Extracted data entries:
-- Opening Marker --

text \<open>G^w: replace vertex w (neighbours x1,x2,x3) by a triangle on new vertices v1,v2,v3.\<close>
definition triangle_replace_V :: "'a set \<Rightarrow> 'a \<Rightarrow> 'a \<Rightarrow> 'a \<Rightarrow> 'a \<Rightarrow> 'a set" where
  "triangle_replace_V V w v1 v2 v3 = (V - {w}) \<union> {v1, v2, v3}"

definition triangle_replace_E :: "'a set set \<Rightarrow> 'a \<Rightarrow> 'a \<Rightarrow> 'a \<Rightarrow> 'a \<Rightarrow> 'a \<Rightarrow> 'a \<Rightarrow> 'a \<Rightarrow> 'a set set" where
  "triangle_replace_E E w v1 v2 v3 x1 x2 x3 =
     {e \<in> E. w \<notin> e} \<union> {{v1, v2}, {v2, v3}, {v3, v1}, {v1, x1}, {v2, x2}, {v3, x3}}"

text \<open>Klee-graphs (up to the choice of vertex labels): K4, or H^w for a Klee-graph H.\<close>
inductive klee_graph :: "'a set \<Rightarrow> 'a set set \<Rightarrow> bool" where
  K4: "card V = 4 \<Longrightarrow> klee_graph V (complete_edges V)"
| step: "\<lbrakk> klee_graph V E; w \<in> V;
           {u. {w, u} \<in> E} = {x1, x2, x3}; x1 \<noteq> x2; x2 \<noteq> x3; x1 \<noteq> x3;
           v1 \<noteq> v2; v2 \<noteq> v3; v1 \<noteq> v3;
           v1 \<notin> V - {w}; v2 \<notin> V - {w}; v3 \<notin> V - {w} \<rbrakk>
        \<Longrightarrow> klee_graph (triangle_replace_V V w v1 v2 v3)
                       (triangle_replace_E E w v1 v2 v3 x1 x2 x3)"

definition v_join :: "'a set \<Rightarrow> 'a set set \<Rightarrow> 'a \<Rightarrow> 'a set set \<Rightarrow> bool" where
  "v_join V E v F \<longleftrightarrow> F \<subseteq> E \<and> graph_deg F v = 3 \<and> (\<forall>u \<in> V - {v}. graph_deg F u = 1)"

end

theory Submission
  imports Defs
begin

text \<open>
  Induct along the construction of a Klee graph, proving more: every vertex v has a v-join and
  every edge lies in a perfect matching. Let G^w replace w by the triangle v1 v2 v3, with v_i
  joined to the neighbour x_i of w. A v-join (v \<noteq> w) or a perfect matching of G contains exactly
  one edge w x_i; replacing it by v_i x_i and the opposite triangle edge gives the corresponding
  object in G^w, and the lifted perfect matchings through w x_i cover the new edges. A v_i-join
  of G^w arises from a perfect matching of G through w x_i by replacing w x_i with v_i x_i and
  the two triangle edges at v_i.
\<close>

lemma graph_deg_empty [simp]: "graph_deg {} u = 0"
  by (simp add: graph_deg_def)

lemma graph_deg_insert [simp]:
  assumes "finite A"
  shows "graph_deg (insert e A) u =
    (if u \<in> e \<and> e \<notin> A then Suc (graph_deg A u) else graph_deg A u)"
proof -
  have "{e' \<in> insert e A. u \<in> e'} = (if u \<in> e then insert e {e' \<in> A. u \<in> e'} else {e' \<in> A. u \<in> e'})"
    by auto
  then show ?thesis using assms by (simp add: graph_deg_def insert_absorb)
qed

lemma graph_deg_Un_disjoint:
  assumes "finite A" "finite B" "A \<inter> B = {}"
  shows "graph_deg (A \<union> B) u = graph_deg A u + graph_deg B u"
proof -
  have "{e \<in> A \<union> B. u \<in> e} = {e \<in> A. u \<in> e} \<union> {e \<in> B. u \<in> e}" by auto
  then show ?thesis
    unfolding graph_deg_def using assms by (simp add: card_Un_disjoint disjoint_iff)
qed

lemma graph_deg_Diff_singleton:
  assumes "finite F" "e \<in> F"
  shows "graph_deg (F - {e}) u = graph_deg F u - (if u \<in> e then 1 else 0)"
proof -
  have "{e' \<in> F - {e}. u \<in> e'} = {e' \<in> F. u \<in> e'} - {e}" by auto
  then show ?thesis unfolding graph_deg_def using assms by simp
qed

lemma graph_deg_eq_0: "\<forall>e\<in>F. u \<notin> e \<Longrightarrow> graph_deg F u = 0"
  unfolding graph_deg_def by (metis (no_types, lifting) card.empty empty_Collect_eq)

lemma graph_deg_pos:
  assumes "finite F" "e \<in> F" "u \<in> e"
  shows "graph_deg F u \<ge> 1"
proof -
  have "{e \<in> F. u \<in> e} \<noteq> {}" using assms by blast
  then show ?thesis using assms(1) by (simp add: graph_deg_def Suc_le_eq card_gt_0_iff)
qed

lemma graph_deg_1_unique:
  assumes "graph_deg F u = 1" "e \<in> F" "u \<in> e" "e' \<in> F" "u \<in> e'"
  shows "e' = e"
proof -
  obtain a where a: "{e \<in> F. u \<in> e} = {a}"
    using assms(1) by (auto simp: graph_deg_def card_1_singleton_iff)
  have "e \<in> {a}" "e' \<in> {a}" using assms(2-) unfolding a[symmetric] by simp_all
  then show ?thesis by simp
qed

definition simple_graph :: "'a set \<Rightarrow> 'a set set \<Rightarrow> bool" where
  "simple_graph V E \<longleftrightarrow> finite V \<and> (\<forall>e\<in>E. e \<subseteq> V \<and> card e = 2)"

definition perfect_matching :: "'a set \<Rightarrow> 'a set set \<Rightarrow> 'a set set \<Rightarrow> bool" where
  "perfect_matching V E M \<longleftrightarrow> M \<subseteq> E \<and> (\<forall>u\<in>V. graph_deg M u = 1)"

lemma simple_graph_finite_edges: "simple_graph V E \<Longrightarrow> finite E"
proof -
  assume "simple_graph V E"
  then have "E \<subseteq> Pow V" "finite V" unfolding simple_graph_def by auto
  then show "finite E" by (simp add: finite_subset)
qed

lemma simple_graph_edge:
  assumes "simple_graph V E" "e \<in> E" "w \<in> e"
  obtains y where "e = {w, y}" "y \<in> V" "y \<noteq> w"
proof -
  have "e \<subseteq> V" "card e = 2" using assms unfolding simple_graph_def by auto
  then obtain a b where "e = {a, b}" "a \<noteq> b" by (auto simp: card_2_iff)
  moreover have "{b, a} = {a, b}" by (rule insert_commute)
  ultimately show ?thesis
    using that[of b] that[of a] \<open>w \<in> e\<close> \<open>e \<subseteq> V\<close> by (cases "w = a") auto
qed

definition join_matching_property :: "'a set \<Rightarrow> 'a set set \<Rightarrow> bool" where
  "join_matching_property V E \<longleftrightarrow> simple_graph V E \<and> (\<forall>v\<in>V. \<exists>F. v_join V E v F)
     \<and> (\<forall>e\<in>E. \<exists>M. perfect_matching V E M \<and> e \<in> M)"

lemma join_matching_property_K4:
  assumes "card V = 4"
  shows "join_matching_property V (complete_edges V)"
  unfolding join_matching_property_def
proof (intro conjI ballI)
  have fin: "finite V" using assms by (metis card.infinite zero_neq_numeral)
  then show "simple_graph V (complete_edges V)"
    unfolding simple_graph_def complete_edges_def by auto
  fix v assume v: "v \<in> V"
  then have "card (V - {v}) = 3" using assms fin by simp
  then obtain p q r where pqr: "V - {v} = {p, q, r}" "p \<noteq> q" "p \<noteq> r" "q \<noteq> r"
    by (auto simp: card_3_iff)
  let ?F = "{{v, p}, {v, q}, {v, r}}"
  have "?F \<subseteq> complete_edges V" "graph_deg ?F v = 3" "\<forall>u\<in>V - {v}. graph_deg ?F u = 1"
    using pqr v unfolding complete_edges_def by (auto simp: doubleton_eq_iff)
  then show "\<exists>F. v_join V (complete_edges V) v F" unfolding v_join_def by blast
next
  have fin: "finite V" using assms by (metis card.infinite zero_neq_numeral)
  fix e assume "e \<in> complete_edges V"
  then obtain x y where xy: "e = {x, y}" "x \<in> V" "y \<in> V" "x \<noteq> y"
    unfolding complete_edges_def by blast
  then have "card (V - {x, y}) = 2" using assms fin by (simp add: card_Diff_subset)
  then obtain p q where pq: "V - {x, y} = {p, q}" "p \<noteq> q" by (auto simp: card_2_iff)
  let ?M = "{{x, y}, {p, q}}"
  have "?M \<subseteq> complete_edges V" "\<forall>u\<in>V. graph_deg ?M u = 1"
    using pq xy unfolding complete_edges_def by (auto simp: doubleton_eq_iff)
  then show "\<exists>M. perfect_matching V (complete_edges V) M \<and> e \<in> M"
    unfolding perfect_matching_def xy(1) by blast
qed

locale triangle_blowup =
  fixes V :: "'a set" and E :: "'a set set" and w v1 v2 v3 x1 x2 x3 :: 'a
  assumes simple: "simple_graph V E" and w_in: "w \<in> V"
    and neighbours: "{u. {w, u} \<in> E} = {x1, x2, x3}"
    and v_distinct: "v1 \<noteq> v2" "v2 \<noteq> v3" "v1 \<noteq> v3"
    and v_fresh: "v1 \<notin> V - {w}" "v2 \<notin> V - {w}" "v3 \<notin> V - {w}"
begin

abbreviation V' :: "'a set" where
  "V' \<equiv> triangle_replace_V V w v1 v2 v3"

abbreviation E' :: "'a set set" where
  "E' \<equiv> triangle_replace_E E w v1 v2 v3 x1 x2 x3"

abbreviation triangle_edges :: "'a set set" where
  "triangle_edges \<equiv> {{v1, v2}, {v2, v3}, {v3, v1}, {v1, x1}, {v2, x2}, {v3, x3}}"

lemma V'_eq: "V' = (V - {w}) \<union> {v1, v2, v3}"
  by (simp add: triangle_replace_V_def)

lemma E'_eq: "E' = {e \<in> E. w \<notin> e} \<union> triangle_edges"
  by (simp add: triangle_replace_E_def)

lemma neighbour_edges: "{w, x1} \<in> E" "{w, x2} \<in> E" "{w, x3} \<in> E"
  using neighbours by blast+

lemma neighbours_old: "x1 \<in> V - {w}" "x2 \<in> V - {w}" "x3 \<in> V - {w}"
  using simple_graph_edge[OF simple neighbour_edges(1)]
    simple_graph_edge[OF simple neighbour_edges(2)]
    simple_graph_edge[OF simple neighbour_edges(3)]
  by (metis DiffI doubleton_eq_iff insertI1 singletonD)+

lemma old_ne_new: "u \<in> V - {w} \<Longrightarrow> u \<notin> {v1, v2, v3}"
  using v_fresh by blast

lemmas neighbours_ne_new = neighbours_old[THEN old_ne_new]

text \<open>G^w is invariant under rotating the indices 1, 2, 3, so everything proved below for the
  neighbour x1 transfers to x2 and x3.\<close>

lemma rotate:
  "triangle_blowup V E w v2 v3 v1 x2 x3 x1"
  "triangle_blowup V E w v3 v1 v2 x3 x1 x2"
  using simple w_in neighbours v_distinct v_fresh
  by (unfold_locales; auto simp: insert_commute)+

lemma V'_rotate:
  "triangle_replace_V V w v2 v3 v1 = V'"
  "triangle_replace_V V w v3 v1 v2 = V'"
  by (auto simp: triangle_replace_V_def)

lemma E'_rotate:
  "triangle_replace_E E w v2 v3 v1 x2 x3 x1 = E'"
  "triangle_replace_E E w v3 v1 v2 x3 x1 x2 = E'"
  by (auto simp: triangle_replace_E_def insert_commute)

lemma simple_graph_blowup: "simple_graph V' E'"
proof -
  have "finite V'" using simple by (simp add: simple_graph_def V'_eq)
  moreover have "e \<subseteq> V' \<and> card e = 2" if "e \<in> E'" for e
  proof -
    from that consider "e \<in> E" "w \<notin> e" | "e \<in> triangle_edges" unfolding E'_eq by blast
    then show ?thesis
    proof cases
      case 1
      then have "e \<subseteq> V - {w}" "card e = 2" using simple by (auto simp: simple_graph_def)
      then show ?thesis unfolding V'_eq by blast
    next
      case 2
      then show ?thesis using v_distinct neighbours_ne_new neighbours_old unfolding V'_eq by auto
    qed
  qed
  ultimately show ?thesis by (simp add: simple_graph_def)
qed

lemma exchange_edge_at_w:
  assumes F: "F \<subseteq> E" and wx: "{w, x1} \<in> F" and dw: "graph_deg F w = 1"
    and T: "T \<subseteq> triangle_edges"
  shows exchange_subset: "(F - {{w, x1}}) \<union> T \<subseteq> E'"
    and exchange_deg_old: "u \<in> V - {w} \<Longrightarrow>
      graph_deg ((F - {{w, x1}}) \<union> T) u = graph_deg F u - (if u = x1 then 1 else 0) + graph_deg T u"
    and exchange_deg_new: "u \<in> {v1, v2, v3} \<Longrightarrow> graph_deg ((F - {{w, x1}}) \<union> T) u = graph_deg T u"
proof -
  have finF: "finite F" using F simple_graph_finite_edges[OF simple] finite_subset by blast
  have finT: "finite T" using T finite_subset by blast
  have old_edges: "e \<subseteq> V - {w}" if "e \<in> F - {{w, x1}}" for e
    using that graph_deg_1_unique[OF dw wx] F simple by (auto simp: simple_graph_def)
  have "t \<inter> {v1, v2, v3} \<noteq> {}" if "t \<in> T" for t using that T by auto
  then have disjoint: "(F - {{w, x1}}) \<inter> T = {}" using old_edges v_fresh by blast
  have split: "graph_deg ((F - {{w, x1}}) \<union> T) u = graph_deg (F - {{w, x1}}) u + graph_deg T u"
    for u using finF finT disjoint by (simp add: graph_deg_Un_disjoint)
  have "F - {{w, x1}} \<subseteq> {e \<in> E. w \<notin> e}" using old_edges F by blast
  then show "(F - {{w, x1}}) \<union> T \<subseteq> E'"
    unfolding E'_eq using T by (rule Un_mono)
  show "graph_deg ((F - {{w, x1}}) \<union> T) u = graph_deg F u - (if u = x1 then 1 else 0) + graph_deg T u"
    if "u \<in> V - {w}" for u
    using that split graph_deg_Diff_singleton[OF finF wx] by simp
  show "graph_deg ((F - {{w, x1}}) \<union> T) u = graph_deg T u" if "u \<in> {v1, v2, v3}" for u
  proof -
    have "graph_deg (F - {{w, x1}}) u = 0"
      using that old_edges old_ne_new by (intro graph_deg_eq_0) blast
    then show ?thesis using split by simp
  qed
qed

-- Closing Marker --

_Problem to work on:_ Retype the entries above exactly, but only from the line containing "by (simp add: triangle_replace_V_def)" through the line containing "using simple_graph_edge[OF simple", both included.

_Result for this task:_
  by (simp add: triangle_replace_V_def)

lemma E'_eq: "E' = {e \<in> E. w \<notin> e} \<union> triangle_edges"
  by (simp add: triangle_replace_E_def)

lemma neighbour_edges: "{w, x1} \<in> E" "{w, x2} \<in> E" "{w, x3} \<in> E"
  using neighbours by blast+

lemma neighbours_old: "x1 \<in> V - {w}" "x2 \<in> V - {w}" "x3 \<in> V - {w}"
  using simple_graph_edge[OF simple neighbour_edges(1)]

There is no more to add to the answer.